I was, however, shocked by the reaction of Nigel Farage and the suggestion that many Tories thought that this was a late Christmas present. Farage was explicit: he felt Sir Ivan was the first of many civil servants who had to go to make Brexit possible. The implication is obvious, and I suspect shared across Brexit sentiment, and is that an independent, expert and qualified civil service is now an impediment to a government dedicated to defy all logic and leave the EU, whatever the cost. As the Guardian noted yesterday:

Signs continue to abound that British Eurosceptics still inhabit an entirely different planet, let alone continent, from everyone else in 2017.

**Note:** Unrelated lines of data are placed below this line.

lemma leading_form_eq_0_a1:
  fixes h :: "complex poly"
  assumes res: "\<And>x l m. W_residual_a1 b al be alb beb (poly h) x l m = 0" and "h \<noteq> 0"
  shows "leading_form 0 al alb (degree h) p q = 0"
proof -
  define n where "n = degree h"
  define S where "S c = h \<circ>\<^sub>p [:0, c:]" for c
  define P where "P =
     [:beb, p+alb*q:] * [:beb, p+q+alb:] * S (p+q+1)
   - [:beb, p+alb*q:] * [:be, p+q+al:] * S (p+q)
   - [:be, p+1+al*q:] * [:beb, p+alb:] * S (p+1)
   + [:be, p+1+al*q:] * [:be, p+al:] * S p
   - [:b,-1:] * [:beb, p+alb*(q+1):] * S (p+q+1)
   + [:b,-1:] * [:be, p+al*(q+1):] * S p"
  have "poly P t = W_residual_a1 b al be alb beb (poly h) (p*t) (q*t) t" for t
  proof -
    have ray: "p*t + q*t + t = (p+q+1)*t" "p*t + q*t = (p+q)*t" "p*t + t = (p+1)*t"
      "p*t + (q*t + t) = (p+q+1)*t" "(p+q)*t + t = (p+q+1)*t"
      by (simp_all add: algebra_simps)
    show ?thesis unfolding P_def S_def W_residual_a1_def twisted_diff_def
      by (simp add: poly_pcompose_scale ray add.assoc[symmetric]) algebra
  qed
  then have "P = 0" using res by (simp add: poly_all_0_iff_0[symmetric])
  have dS: "degree (S c) \<le> n" for c unfolding S_def n_def by (rule degree_pcompose_scale_le)
  have cS: "coeff (S c) n = c ^ n * lead_coeff h" for c
    unfolding S_def n_def by (rule coeff_pcompose_linear)
  have "0 = (q + 1) * coeff P (2 + n)" using \<open>P = 0\<close> by simp
  also have "\<dots> = lead_coeff h * leading_form 0 al alb n p q"
    unfolding P_def coeff_add coeff_diff coeff_linear_mult3_top[OF dS]
    by (simp add: cS leading_form_def algebra_simps)
  finally show ?thesis using assms(2) by (simp add: n_def)
qed

section \<open>The degree of H\<close>

text \<open>On the line \<open>p = 0\<close> the form is \<open>alb (q + 1)\<close> times a polynomial in \<open>q\<close> whose
  coefficients of \<open>q\<close>, \<open>q\<^sup>2\<close>, \<open>q\<^sup>3\<close> are the three expressions below.\<close>

lemma leading_form_slice_equations:
  fixes c al alb :: complex
  assumes T: "\<And>q. leading_form c al alb n 0 q = 0" and alb0: "alb \<noteq> 0" and n1: "n \<ge> 1"
  shows "alb - al + of_nat n - c + 1 = 0"
    and "n \<ge> 2 \<Longrightarrow> alb * of_nat n + 1 + of_nat (n choose 2) - (c - 1) * of_nat n = 0"
    and "n \<ge> 3 \<Longrightarrow> alb * of_nat (n choose 2) + of_nat n + of_nat (n choose 3)
                     - (c - 1) * of_nat (n choose 2) = 0"
proof -
  define P :: "complex poly" where "P = [:1, 1:] ^ n"
  define SP where "SP = [:0, 1:] * ([:alb, 1:] * P) - monom 1 (n + 1) * [:al, 1:] - [:1, al:]
                        - [:-1, c - 1:] * P"
  have "leading_form c al alb n 0 q = alb * (q + 1) * poly SP q" for q
    unfolding leading_form_def SP_def P_def using n1
    by (simp add: poly_power poly_monom power_0_left algebra_simps)
  then have "SP = 0"
    using T alb0 by (intro poly_eq_0_if_vanishes_off[where z = "-1"]) (auto simp: add_eq_0_iff2)
  then have c: "coeff SP j = 0" for j by simp
  have cs: "coeff SP (Suc j) = alb * coeff P j + (if j = 0 then 0 else coeff P (j - 1))
        - (if j = 0 then al else 0) + coeff P (Suc j) - (c - 1) * coeff P j" if "j < n" for j
    unfolding SP_def using that by (cases j) (simp_all add: coeff_monom_mult algebra_simps)
  have P: "coeff P i = of_nat (n choose i)" if "i \<le> n" for i
    unfolding P_def using that by (simp add: coeff_linear_poly_power)
  show "alb - al + of_nat n - c + 1 = 0"
    using c[of 1] cs[of 0] P[of 0] P[of 1] n1 by (simp add: algebra_simps)
  show "alb * of_nat n + 1 + of_nat (n choose 2) - (c - 1) * of_nat n = 0" if "n \<ge> 2"
    using c[of 2] cs[of 1] P[of 0] P[of 1] P[of 2] that by (simp add: numeral_2_eq_2 algebra_simps)
  show "alb * of_nat (n choose 2) + of_nat n + of_nat (n choose 3) - (c - 1) * of_nat (n choose 2) = 0"
    if "n \<ge> 3"
    using c[of 3] cs[of 2] P[of 1] P[of 2] P[of 3] that
    by (simp add: numeral_2_eq_2 numeral_3_eq_3 algebra_simps)
qed

lemma leading_form_degree_cases:
  fixes c al alb :: complex
  assumes T: "\<And>p q. leading_form c al alb n p q = 0" and alb0: "alb \<noteq> 0"
  shows "(n = 0 \<and> (al = alb \<or> al - alb = 1 - c))
       \<or> (n = 1 \<and> al - alb = 2 - c)
       \<or> (n = 2 \<and> al = 1 \<and> alb = c - 2)
       \<or> (n = 3 \<and> al = 5/3 \<and> c = 5/3 \<and> alb = -(2/3))"
proof (cases "n = 0")
  case True
  have "2 * (alb - al) * (alb - al - c + 1) = 0"
    using T[of 0 1] True by (simp add: leading_form_def algebra_simps)
  then have "alb - al = 0 \<or> alb - al - c + 1 = 0" by simp
  then show ?thesis using True by (auto simp: algebra_simps)
next
  case False
  then have n1: "n \<ge> 1" by simp
  note slice = leading_form_slice_equations[OF T alb0 n1]
  consider "n = 1" | "n = 2" | "n \<ge> 3" using n1 by linarith
  then show ?thesis
  proof cases
    case 1
    then show ?thesis using slice(1) by (simp add: algebra_simps)
  next
    case 2
    then have "2 * (alb - (c - 2)) = 0" using slice(2) by (simp add: algebra_simps)
    then have "alb - (c - 2) = 0" by (simp only: mult_eq_0_iff) simp
    then have "alb = c - 2" by simp
    moreover then have "al = 1" using slice(1) 2 by (simp add: algebra_simps)
    ultimately show ?thesis using 2 by simp
  next
    case 3
    have "n = 3"
      by (rule eq_3_if_binomial_relations[where u = "alb - (c - 1)"])
        (use slice(2,3) 3 in \<open>simp_all add: algebra_simps\<close>)
    then have "3 * (alb - (c - 7/3)) = 0" using slice(2) by (simp add: choose_two algebra_simps)
    then have alb: "alb = c - 7/3" by (simp only: mult_eq_0_iff) simp
    have "3 * (al - 5/3) = 0" using slice(1) \<open>n = 3\<close> unfolding alb by (simp add: algebra_simps)
    then have al: "al = 5/3" by (simp only: mult_eq_0_iff) simp
    have c: "c = 5/3"
      using T[of 1 1] \<open>n = 3\<close> unfolding alb al
      by (simp add: leading_form_def algebra_simps field_simps)
    show ?thesis using \<open>n = 3\<close> unfolding alb al c by simp
  qed
qed

lemma W_cocycle_eq_0_if_const_H:
  assumes W: "W_cocycle a b al be alb beb g" and "a \<noteq> 1" and "al = alb" and "be = beb - b"
    and "degree (eval2 g 0) = 0"
  shows "g = 0"
proof -
  obtain c0 where h: "eval2 g 0 = [:c0:]"
    using assms(5) by (metis degree_eq_zeroE)
  have K: "wcoef a b l * poly2 g l x = c0 * b" for l x
    using W_cocycle_wcoef_mult[OF W, of l x] assms(3,4) by (simp add: h twisted_diff_def algebra_simps)
  have "wcoef a b (- b / (a - 1)) = 0" using assms(2) by (simp add: wcoef_def field_simps)
  then have "c0 * b = 0" using K[of "- b / (a - 1)" 0] by simp
  then have "wcoef a b l * poly2 g l x = 0" for l x using K by simp
  moreover have "(a, b) \<noteq> (1, 0)" using assms(2) by simp
  ultimately show "g = 0" using cpoly2_eq_0_if_wcoef_mult_eq_0 by blast
qed

lemma W_cocycle_degree_cases:
  assumes W: "W_cocycle a b al be alb beb g" and g: "g \<noteq> 0"
    and a1: "a \<noteq> 1" and alb0: "alb \<noteq> 0" and bb: "be = beb - b"
  shows "(degree (eval2 g 0) = 0 \<and> al - alb = 1 - a)
       \<or> (degree (eval2 g 0) = 1 \<and> al - alb = 2 - a)
       \<or> (degree (eval2 g 0) = 2 \<and> al = 1 \<and> alb = a - 2)
       \<or> (degree (eval2 g 0) = 3 \<and> al = 5/3 \<and> a = 5/3 \<and> alb = -(2/3))"
proof -
  have "eval2 g 0 \<noteq> 0" using eval2_0_neq_0_if_W_cocycle[OF W _ g] a1 by simp
  then have "leading_form a al alb (degree (eval2 g 0)) p q = 0" for p q
    using leading_form_eq_0[OF W_residual_eq_0[OF W] a1] by blast
  moreover have "\<not> (degree (eval2 g 0) = 0 \<and> al = alb)"
    using W_cocycle_eq_0_if_const_H[OF W a1 _ bb] g by blast
  ultimately show ?thesis using leading_form_degree_cases[OF _ alb0] by blast
qed

lemma W_cocycle_degree_cases_a1:
  assumes W: "W_cocycle 1 b al be alb beb g" and g: "g \<noteq> 0" and b0: "b \<noteq> 0" and alb0: "alb \<noteq> 0"
  shows "(degree (eval2 g 0) = 0 \<and> (al = alb \<or> al - alb = 1))
       \<or> (degree (eval2 g 0) = 1 \<and> al - alb = 2)
       \<or> (degree (eval2 g 0) = 2 \<and> al = 1 \<and> alb = -2)"
proof -
  have "eval2 g 0 \<noteq> 0" using eval2_0_neq_0_if_W_cocycle[OF W _ g] b0 by simp
  then have "leading_form 0 al alb (degree (eval2 g 0)) p q = 0" for p q
    using leading_form_eq_0_a1[OF W_residual_a1_eq_0[OF W b0]] by blast
  from leading_form_degree_cases[OF this alb0] show ?thesis by auto
qed

lemma W_cocycle_degree_eq:
  assumes "W_cocycle a b al be alb beb g" and "g \<noteq> 0" and "a \<noteq> 1" and "alb \<noteq> 0" and "be = beb - b"
  shows "al - alb = of_nat (degree (eval2 g 0)) + 1 - a"
  using W_cocycle_degree_cases[OF assms] by (auto simp del: eq_divide_eq_numeral1)

section \<open>Classification\<close>

lemma W_cocycle_const: "al - alb = 1 - a \<Longrightarrow> be = beb - b \<Longrightarrow> W_cocycle a b al be alb beb (cc c)"
  unfolding W_cocycle_def by simp algebra

lemma W_cocycle_g2b:
  assumes "a \<noteq> 1" and "al - alb = 2 - a" and "be = beb - b"
  shows "W_cocycle a b al be alb beb (g2b a b alb beb)"
  unfolding W_cocycle_def
proof (intro allI)
  fix x l m
  define u where "u = 1 / (1 - a)"
  have u: "u * (1 - a) = 1" using assms(1) by (simp add: u_def)
  have div: "y / (1 - a) = y * u" for y by (simp add: u_def)
  show "(x + alb*l + beb) * poly2 (g2b a b alb beb) m (x + l)
      - (x + m + al*l + be) * poly2 (g2b a b alb beb) m x
    = ((a - 1)*l - m + b) * poly2 (g2b a b alb beb) (l + m) x"
    unfolding g2b_def using u assms(2,3) by (simp add: div) algebra
qed

lemma W_cocycle_g2c:
  assumes "a \<noteq> 1" and "al = 1" "alb = a - 2" and "be = beb - b"
  shows "W_cocycle a b al be alb beb (g2c a b alb beb)"
  unfolding W_cocycle_def
proof (intro allI)
  fix x l m
  define u where "u = 1 / (1 - a)"
  have u: "u * (1 - a) = 1" using assms(1) by (simp add: u_def)
  have div: "y / (1 - a) = y * u" for y by (simp add: u_def)
  show "(x + alb*l + beb) * poly2 (g2c a b alb beb) m (x + l)
      - (x + m + al*l + be) * poly2 (g2c a b alb beb) m x
    = ((a - 1)*l - m + b) * poly2 (g2c a b alb beb) (l + m) x"
    unfolding g2c_def using u assms(2-4) by (simp add: div) algebra
qed

lemma W_cocycle_g2d:
  assumes "a = 5/3" "al = 5/3" "alb = -(2/3)" and "be = beb - b"
  shows "W_cocycle a b al be alb beb (g2d b beb)"
  unfolding W_cocycle_def g2d_def assms by simp algebra

lemma W_cocycle_g3b:
  assumes "al - alb = 1" and "be = beb - b"
  shows "W_cocycle 1 b al be alb beb (g3b b)"
proof -
  have al: "al = alb + 1" using assms(1) by (simp add: algebra_simps)
  show ?thesis unfolding W_cocycle_def g3b_def al assms(2) by simp algebra
qed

Worse, they inhabit a place outside the tradition which has underpinned the UK's democracy for much more than a century. Sir Ivan's resignation letter (which I had not seen when I wrote everything to this point) makes clear that is his concern:

For my part, I hope that in my day-to-day dealings with you I have demonstrated the values which I have always espoused as a public servant. I hope you will continue to challenge ill-founded arguments and muddled thinking and that you will never be afraid to speak the truth to those in power. I hope that you will support each other in those difficult moments where you have to deliver messages that are disagreeable to those who need to hear them. I hope that you will continue to be interested in the views of others, even where you disagree with them, and in understanding why others act and think in the way that they do. I hope that you will always provide the best advice and counsel you can to the politicians that our people have elected, and be proud of the essential role we play in the service of a great democracy.

Such public servants are, of course, experts. Some will undoubtedly have opinions I would not agree with.  Some will be no good. Others will be excellent. What they are is indispensable. In business it is normal for employees to follow their bosses' line, even when they can see it mistaken. This is the way in which disasters like RBS happen. In the civil service that has not been the case. Opinion has been offered instead. Counter arguments have had to be considered. It's not always worked, of course, but it's vastly better than the private sector 'yes man' alternative. And now it is clear that the desire is to sweep this away and we will all pay the price for that. It's as if taking back control means abandoning everything of merit.

2017 has not started well. And I am more worried now.